昔、母に言われた言葉をふと思い出すことがある。「そんなボロボロのパンツ履いたまま事故に遭って、病院に運ばれたら恥ずかしいわ」
子どもの頃は、「ああ、確かにそれはちょっと恥ずかしいかもな」と、妙に納得してしまった記憶がある。母の言うことは正しい、みたいな前提があったから、「そういうものなんだ」とそのまま受け取っていた。
それを思い出したのは、毎月、ヨレヨレのパンツを履く時期があるからだ。正確には生理用のショーツで、月に一度、数日だけ登場する。私の場合はだいたい4日で終わるから、年間で48日。それを3枚で回しているので、1枚あたり年16日。365日のうちの、たった16日。
こうやって計算している時点で、もう買い替える気があまりないということかもしれない。仮に50歳で閉経するとしたら、あと10年くらい。今のペースでいけば、1枚あたりあと160日分くらいの出番。なんとなく、このまま最後までいける気もしてくるし、むしろ持たせたい気持ちすら出てきている。
実際、そのうち2枚は「このコ、いつからうちにいるんだっけ?」というレベルで古い。でも、機能している。ゴムが伸びているわけでもないし、どこかが破れているわけでもない。ただ、黒い色が少しずつ薄くなってきていて、全体的に布がくたっとしている。洗濯を重ねてきた年月が、そのまま手触りに出ている。でも、それが特に気になるわけでもない。むしろ、ちょっと馴染んでいる感じすらある。
ただ、「もう、休んでいいかも?」と声をかけたくなる状態ではある。それでも普通に履いている。なぜなら、別に問題なく履けるし、あまり出番がないからだ。ここで「じゃあ新しくしよう」とならないのが、自分でもちょっと面白い。

そんなふうに履いていると、ふと母の言葉を思い出す。「そんなボロボロのパンツで運ばれたら恥ずかしいわ」。冷静に考えてみる。

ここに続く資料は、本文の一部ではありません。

definition time_operator_with ::
  "(nat \<Rightarrow> complex) set \<Rightarrow> ((nat \<Rightarrow> complex) \<Rightarrow> (nat \<Rightarrow> complex)) \<Rightarrow>
   (nat \<Rightarrow> complex) set \<Rightarrow> ((nat \<Rightarrow> complex) \<Rightarrow> (nat \<Rightarrow> complex)) \<Rightarrow>
   (nat \<Rightarrow> complex) set \<Rightarrow> bool" where
  "time_operator_with DH H DT T C \<longleftrightarrow> symmetric_op DT T \<and>
     is_subspace C \<and> (\<exists>\<phi>\<in>C. \<phi> \<noteq> (\<lambda>n. 0)) \<and>
     C \<subseteq> prod_dom DH DT T \<inter> prod_dom DT DH H \<and>
     (\<forall>\<phi>\<in>C. (\<lambda>n. H (T \<phi>) n - T (H \<phi>) n) = (\<lambda>n. - \<i> * \<phi> n))"

end

theory Submission
  imports Defs
begin

text \<open>
  On the CCR domain the factor \<open>1/k\<close> of the two logarithm series is cancelled by the
  commutators \<open>[N, L^(mk)] = -mk L^(mk)\<close> and \<open>[N, L*^(mk)] = mk L*^(mk)\<close>. Hence
  \<open>[N, L_(m,\<omega>)] \<phi> = i (u + v)\<close>, where \<open>u\<close> and \<open>v\<close> are the coordinatewise sums of the geometric
  series \<open>\<Sum>_k \<omega>^(-k) L^(mk) \<phi>\<close> and \<open>\<Sum>_k \<omega>^k L*^(mk) \<phi>\<close>. Shifting by \<open>m\<close> shows that
  \<open>g = u + v + \<phi>\<close> satisfies \<open>g(p + m) = \<omega> g(p)\<close>; since \<open>|\<omega>| = 1\<close> and \<open>g\<close> is square summable,
  \<open>g = 0\<close>, which is the commutation relation. Symmetry holds because \<open>L^(mk)\<close> and \<open>L*^(mk)\<close>
  are adjoint and both series converge in norm.

  For density: the vector \<open>\<delta>_j - \<omega> \<delta>_(j+m)\<close> lies in the CCR domain, because its \<open>L^m\<close>-series is
  a finite sum and its \<open>L*^m\<close>-series has coefficients \<open>\<omega>^k/k - \<omega>^k/(k-1) = O(k^-2)\<close>, which
  \<open>N\<close> only multiplies by \<open>O(k)\<close>. Telescoping gives \<open>\<delta>_j - \<omega>^t \<delta>_(j+mt)\<close> in the CCR domain, and
  the average over \<open>t = 1..K\<close> differs from \<open>\<delta>_j\<close> by a vector of norm \<open>K^(-1/2)\<close>.
\<close>

section \<open>Square-summable sequences\<close>

lemma l2_add:
  assumes "f \<in> l2" "g \<in> l2"
  shows "(\<lambda>n. f n + g n) \<in> l2"
proof -
  have "(cmod (f n + g n))^2 \<le> 2 * (cmod (f n))^2 + 2 * (cmod (g n))^2" for n
  proof -
    have "(cmod (f n + g n))^2 \<le> (cmod (f n) + cmod (g n))^2"
      by (simp add: norm_triangle_ineq power_mono)
    also have "\<dots> \<le> 2 * (cmod (f n))^2 + 2 * (cmod (g n))^2"
      using zero_le_power2[of "cmod (f n) - cmod (g n)"] by (simp add: power2_eq_square algebra_simps)
    finally show ?thesis .
  qed
  moreover have "summable (\<lambda>n. 2 * (cmod (f n))^2 + 2 * (cmod (g n))^2)"
    using assms by (intro summable_add summable_mult) (auto simp: l2_def)
  ultimately show ?thesis
    unfolding l2_def by (auto intro: summable_comparison_test[OF _ \<open>summable _\<close>])
qed

lemma l2_scale: "f \<in> l2 \<Longrightarrow> (\<lambda>n. c * f n) \<in> l2"
  by (simp add: l2_def norm_mult power_mult_distrib summable_mult)

lemma l2_zero: "(\<lambda>n. 0) \<in> l2"
  by (simp add: l2_def)

lemma l2_diff: "f \<in> l2 \<Longrightarrow> g \<in> l2 \<Longrightarrow> (\<lambda>n. f n - g n) \<in> l2"
  using l2_add[of f "\<lambda>n. - 1 * g n"] l2_scale[of g "- 1"] by simp

lemma l2_sum: "(\<And>k. k \<in> S \<Longrightarrow> F k \<in> l2) \<Longrightarrow> (\<lambda>n. \<Sum>k\<in>S. F k n) \<in> l2"
  by (induction S rule: infinite_finite_induct) (simp_all add: l2_zero l2_add)

lemma l2_finite_support: "finite S \<Longrightarrow> (\<And>n. n \<notin> S \<Longrightarrow> f n = 0) \<Longrightarrow> f \<in> l2"
  unfolding l2_def mem_Collect_eq by (rule summable_finite) auto

lemma l2_dense_subset: "l2_dense A \<Longrightarrow> A \<subseteq> B \<Longrightarrow> B \<subseteq> l2 \<Longrightarrow> l2_dense B"
  unfolding l2_dense_def by blast

lemma l2norm_nonneg: "f \<in> l2 \<Longrightarrow> 0 \<le> l2norm f"
  unfolding l2norm_def l2_def by (simp add: suminf_nonneg)

lemma l2norm_zero: "l2norm (\<lambda>n. 0) = 0"
  by (simp add: l2norm_def)

lemma L2_set_le_l2norm:
  assumes "f \<in> l2" "finite A"
  shows "L2_set (\<lambda>i. cmod (f i)) A \<le> l2norm f"
proof -
  have "(\<Sum>i\<in>A. (cmod (f i))^2) \<le> (\<Sum>n. (cmod (f n))^2)"
    using assms by (intro sum_le_suminf) (auto simp: l2_def)
  then show ?thesis unfolding L2_set_def l2norm_def by simp
qed

lemma norm_le_l2norm: "f \<in> l2 \<Longrightarrow> cmod (f p) \<le> l2norm f"
  using L2_set_le_l2norm[of f "{p}"] by (simp add: L2_set_def)

lemma l2norm_le:
  assumes "f \<in> l2" "\<And>N. L2_set (\<lambda>i. cmod (f i)) {..<N} \<le> B"
  shows "l2norm f \<le> B"
proof -
  have B: "0 \<le> B" using assms(2)[of 0] by simp
  have "(\<Sum>n. (cmod (f n))^2) \<le> B^2"
  proof (rule suminf_le_const)
    show "summable (\<lambda>n. (cmod (f n))^2)" using assms by (simp add: l2_def)
    fix N
    have s: "0 \<le> (\<Sum>i<N. (cmod (f i))^2)" by (simp add: sum_nonneg)
    have "sqrt (\<Sum>i<N. (cmod (f i))^2) \<le> B" using assms(2)[of N] by (simp add: L2_set_def)
    then have "(sqrt (\<Sum>i<N. (cmod (f i))^2))^2 \<le> B^2" using s by (intro power_mono) auto
    then show "(\<Sum>i<N. (cmod (f i))^2) \<le> B^2" using s by simp
  qed
  then have "sqrt (\<Sum>n. (cmod (f n))^2) \<le> sqrt (B^2)" by (rule real_sqrt_le_mono)
  then show ?thesis unfolding l2norm_def using B by simp
qed

lemma l2norm_triangle:
  assumes "f \<in> l2" "g \<in> l2"
  shows "l2norm (\<lambda>n. f n + g n) \<le> l2norm f + l2norm g"
proof (rule l2norm_le[OF l2_add[OF assms]])
  fix N
  have "L2_set (\<lambda>i. cmod (f i + g i)) {..<N} \<le> L2_set (\<lambda>i. cmod (f i) + cmod (g i)) {..<N}"
    by (rule L2_set_mono) (auto intro: norm_triangle_ineq)
  also have "\<dots> \<le> L2_set (\<lambda>i. cmod (f i)) {..<N} + L2_set (\<lambda>i. cmod (g i)) {..<N}"
    by (rule L2_set_triangle_ineq)
  also have "\<dots> \<le> l2norm f + l2norm g"
    using assms by (intro add_mono L2_set_le_l2norm) auto
  finally show "L2_set (\<lambda>i. cmod (f i + g i)) {..<N} \<le> l2norm f + l2norm g" .
qed

lemma l2norm_sum_le:
  "(\<And>i. i \<in> S \<Longrightarrow> F i \<in> l2) \<Longrightarrow> l2norm (\<lambda>p. \<Sum>i\<in>S. F i p) \<le> (\<Sum>i\<in>S. l2norm (F i))"
proof (induction S rule: infinite_finite_induct)
  case (insert x S)
  have "l2norm (\<lambda>p. \<Sum>i\<in>insert x S. F i p) \<le> l2norm (F x) + l2norm (\<lambda>p. \<Sum>i\<in>S. F i p)"
    using l2norm_triangle[of "F x" "\<lambda>p. \<Sum>i\<in>S. F i p"] insert by (simp add: l2_sum)
  also have "\<dots> \<le> (\<Sum>i\<in>insert x S. l2norm (F i))" using insert by simp
  finally show ?case .
qed (simp_all add: l2norm_zero)

lemma l2norm_scale: "f \<in> l2 \<Longrightarrow> l2norm (\<lambda>n. c * f n) = cmod c * l2norm f"
  by (simp add: l2norm_def l2_def norm_mult power_mult_distrib suminf_mult real_sqrt_mult)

仮に私が事故に遭って運ばれたとして、そのときパンツの状態なんて、誰がそこまで見るだろうか。パンツに目を向ける余裕ある? とも思う。まずは患者を助けることが最優先だから、そんなところまで気にしていないんじゃないかな、とも思う。少なくとも、私がその場に医療関係者や家族の立場でいたら、そこに目がいく気はあまりしない。

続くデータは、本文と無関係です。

lemma power_saving_exponent_lt_1:
  fixes f :: "nat \<Rightarrow> complex" and q d :: nat and C c :: real
  assumes "q \<ge> 2" and "d \<ge> 1" and "\<And>n. norm (f n) = 1"
    and bound: "\<And>L p. degree p \<le> d \<Longrightarrow>
      norm (\<Sum>n<q^L. f n * e (poly p (real n))) \<le> C * real (q^L) powr (1 - c)"
  shows "c < 1"
proof (rule ccontr)
  assume "\<not> c < 1"
  have "real (q^L) \<le> C^2" for L
  proof -
    define Q where "Q = q^L"
    have "Q > 0" using assms(1) by (simp add: Q_def)
    then obtain k where "real Q \<le> (norm (\<Sum>n<Q. f n * e (real k / real Q * real n)))^2"
      using exists_large_linear_sum assms(3) by blast
    also have "\<dots> \<le> C^2"
    proof (rule power_mono)
      have "norm (\<Sum>n<Q. f n * e (real k / real Q * real n)) \<le> C * real Q powr (1 - c)"
        using bound[of "[:0, real k / real Q:]" L] assms(2) by (simp add: Q_def mult_ac)
      also have "\<dots> \<le> C"
      proof -
        have "C \<ge> 1" using bound[of 0 0] assms(3)[of 0] by (simp add: norm_mult)
        moreover have "real Q powr (1 - c) \<le> 1"
          using \<open>Q > 0\<close> \<open>\<not> c < 1\<close> powr_mono[of "1 - c" 0 "real Q"] by simp
        ultimately show ?thesis by (simp add: mult_left_le)
      qed
      finally show "norm (\<Sum>n<Q. f n * e (real k / real Q * real n)) \<le> C" .
    qed simp
    finally show ?thesis by (simp add: Q_def)
  qed
  moreover have "real (q ^ nat \<lceil>C^2\<rceil>) > C^2"
  proof -
    define L where "L = nat \<lceil>C^2\<rceil>"
    have "L < 2^L" by (rule less_exp)
    also have "\<dots> \<le> q^L" using assms(1) by (simp add: power_mono)
    finally have "real L < real (q^L)" by (simp only: of_nat_less_iff)
    moreover have "C^2 \<le> real L" unfolding L_def by (rule real_nat_ceiling_ge)
    ultimately have "C^2 < real (q^L)" by linarith
    then show ?thesis unfolding L_def .
  qed
  ultimately show False by (meson not_le)
qed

だとすると、あの言葉は現実的な心配というより、「どんなときでもしゃんとしていたい」という気持ちだったのかもしれない。いつ何があっても整っていたい、だらしなく見られたくない、という。母なりの美意識のようなものだったのだと思う。
でも今の私は、そこから少し離れたところにいる。年に16日しか履かないものに、どこまで整いを求めるのか。誰にも見せない前提のものに、どこまで美意識を持つのか。そう考えると、「まあいいか」で終わってしまう。

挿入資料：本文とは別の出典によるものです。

text \<open>The key limit argument: a reparametrised difference quotient of \<open>g\<close>, with a real weight,
  converges to a real multiple of \<open>g'(u\<^sub>0)\<close>, whether or not the reparametrisation is differentiable.\<close>
lemma reparametrised_velocity_real_multiple:
  fixes g :: "real \<Rightarrow> complex" and s h :: "real \<Rightarrow> real"
  assumes "(g has_vector_derivative D) (at u0)" and "D \<noteq> 0" and s: "(s \<longlongrightarrow> u0) (at 0)"
    and L: "((\<lambda>t. (g (s t) - g u0) * of_real (h t / t)) \<longlongrightarrow> L) (at 0)"
  obtains a where "L = of_real a * D"
proof -
  obtain Q where Q: "isCont Q u0" "Q u0 = D" "\<And>s. g s - g u0 = (s - u0) *\<^sub>R Q s"
    using has_vector_derivative_Caratheodory[OF assms(1)] by blast
  have "(\<lambda>t. (g (s t) - g u0) * of_real (h t / t)) = (\<lambda>t. of_real ((s t - u0) * (h t / t)) * Q (s t))"
    by (rule ext) (simp add: Q(3) scaleR_conv_of_real)
  then have "((\<lambda>t. of_real ((s t - u0) * (h t / t)) * Q (s t)) \<longlongrightarrow> L) (at 0)"
    using L by simp
  moreover have "((\<lambda>t. Q (s t)) \<longlongrightarrow> D) (at 0)"
    using isCont_tendsto_compose[OF Q(1) s] Q(2) by simp
  ultimately obtain a where "L = of_real a * D"
    by (rule tendsto_real_multiple[OF at_neq_bot _ _ \<open>D \<noteq> 0\<close>])
  then show ?thesis by (rule that)
qed

section \<open>Symmetric circles\<close>

context
  fixes f :: "complex poly" and z \<zeta> :: "real \<Rightarrow> complex"
  assumes sc: "symmetric_circle f z \<zeta>"
begin

lemma
  shows z_periodic: "z (u + 2*pi) = z u"
    and \<zeta>_periodic: "\<zeta> (u + 2*pi) = \<zeta> u"
    and smooth_z: "smooth_curve z"
    and smooth_\<zeta>: "smooth_curve \<zeta>"
    and circle_in_M1: "(z u)^2 = poly f (\<zeta> u)"
    and circle_injective: "z u = z v \<Longrightarrow> \<zeta> u = \<zeta> v \<Longrightarrow> \<exists>k::int. u - v = 2*pi * of_int k"
    and circle_immersed: "vderiv z u \<noteq> 0 \<or> vderiv \<zeta> u \<noteq> 0"
    and z_odd: "z (- u) = - z u"
    and \<zeta>_even: "\<zeta> (- u) = \<zeta> u"
    and z_nonzero: "(\<forall>k::int. u \<noteq> pi * of_int k) \<Longrightarrow> z u \<noteq> 0"
  using sc unfolding symmetric_circle_def by blast+

lemma z_has_vector_derivative: "(z has_vector_derivative vderiv z t) (at t)"
  by (rule vderiv_has_vector_derivative[OF smooth_z])

lemma \<zeta>_has_vector_derivative: "(\<zeta> has_vector_derivative vderiv \<zeta> t) (at t)"
  by (rule vderiv_has_vector_derivative[OF smooth_\<zeta>])

lemma z_zero: "z 0 = 0"
  using z_odd[of 0] by simp

lemma z_pi: "z pi = 0"
  using z_periodic[of "- pi"] z_odd[of pi] by simp

lemma z_eq_0_iff: "z u = 0 \<longleftrightarrow> (\<exists>k::int. u = pi * of_int k)"
proof
  assume "\<exists>k::int. u = pi * of_int k"
  then obtain k :: int where "u = pi * of_int k" ..
  moreover have "real_of_int k = of_int (k mod 2) + 2 * of_int (k div 2)"
    by (metis mod_mult_div_eq of_int_add of_int_mult of_int_numeral)
  ultimately have u: "u = pi * of_int (k mod 2) + 2*pi * of_int (k div 2)"
    by (simp add: algebra_simps)
  have "z u = z (pi * of_int (k mod 2))"
    unfolding u by (rule periodic_add_int_multiple[where g = z, OF z_periodic])
  moreover have "k mod 2 = 0 \<or> k mod 2 = 1" by auto
  ultimately show "z u = 0" using z_zero z_pi by auto
qed (use z_nonzero in blast)

lemma z_zero_on_half_circle:
  assumes "u \<in> {0..pi}" and "z u = 0"
  shows "u \<in> {0, pi}"
proof -
  obtain k :: int where k: "u = pi * of_int k" using assms(2) z_eq_0_iff by blast
  then have "pi * 0 \<le> pi * of_int k" "pi * of_int k \<le> pi * 1" using assms(1) by auto
  then have "0 \<le> k" "k \<le> 1" by (simp_all only: mult_le_cancel_left_pos[OF pi_gt_zero] of_int_le_iff
      of_int_0_le_iff of_int_le_1_iff)
  then have "k = 0 \<or> k = 1" by linarith
  then show ?thesis using k by auto
qed

lemma vderiv_\<zeta>_periodic: "vderiv \<zeta> (u + 2*pi) = vderiv \<zeta> u"
  by (rule vderiv_periodic[OF \<zeta>_periodic smooth_\<zeta>])

lemma vderiv_\<zeta>_odd: "vderiv \<zeta> (- u) = - vderiv \<zeta> u"
  using vderiv_reflect[of \<zeta> 1, OF _ smooth_\<zeta>] \<zeta>_even by (simp add: minus_equation_iff)

lemma vderiv_\<zeta>_zero_pi:
  assumes "u \<in> {0, pi}"
  shows "vderiv \<zeta> u = 0"
  using assms vderiv_\<zeta>_odd[of 0] vderiv_\<zeta>_odd[of pi] vderiv_\<zeta>_periodic[of "- pi"] by auto

lemma vderiv_z_nonzero_zero_pi:
  assumes "u \<in> {0, pi}"
  shows "vderiv z u \<noteq> 0"
  using circle_immersed[of u] vderiv_\<zeta>_zero_pi[OF assms] by auto

lemma circle_velocity_in_M1:
  "2 * z u * vderiv z u = poly (pderiv f) (\<zeta> u) * vderiv \<zeta> u"
proof -
  have "((\<lambda>t. z t * z t) has_vector_derivative (z u * vderiv z u + vderiv z u * z u)) (at u)"
    by (intro has_vector_derivative_mult z_has_vector_derivative)
  moreover have "((poly f \<circ> \<zeta>) has_vector_derivative (vderiv \<zeta> u * poly (pderiv f) (\<zeta> u))) (at u)"
    by (intro field_vector_diff_chain_at \<zeta>_has_vector_derivative poly_DERIV)
  moreover have "poly f \<circ> \<zeta> = (\<lambda>t. z t * z t)"
    using circle_in_M1 by (auto simp: power2_eq_square o_def)
  ultimately show ?thesis using vector_derivative_unique_at by (fastforce simp: algebra_simps)
qed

もちろん、それがいいとも悪いとも思っていない。ただ、今の自分にはそのバランスがちょうどいい、というだけだ。
それでも、あの母の言葉は、なぜかずっと記憶に残っている。もしかしたら何かきっかけがあったのかもしれないし、ただの想像だったのかもしれない。いずれにしても、その背景は聞いたことがない。
今度会ったとき、聞いてみよう。「あのとき、なんであんなこと言ったん?」と。たぶん、思っているほど大した理由はない気もするけれど。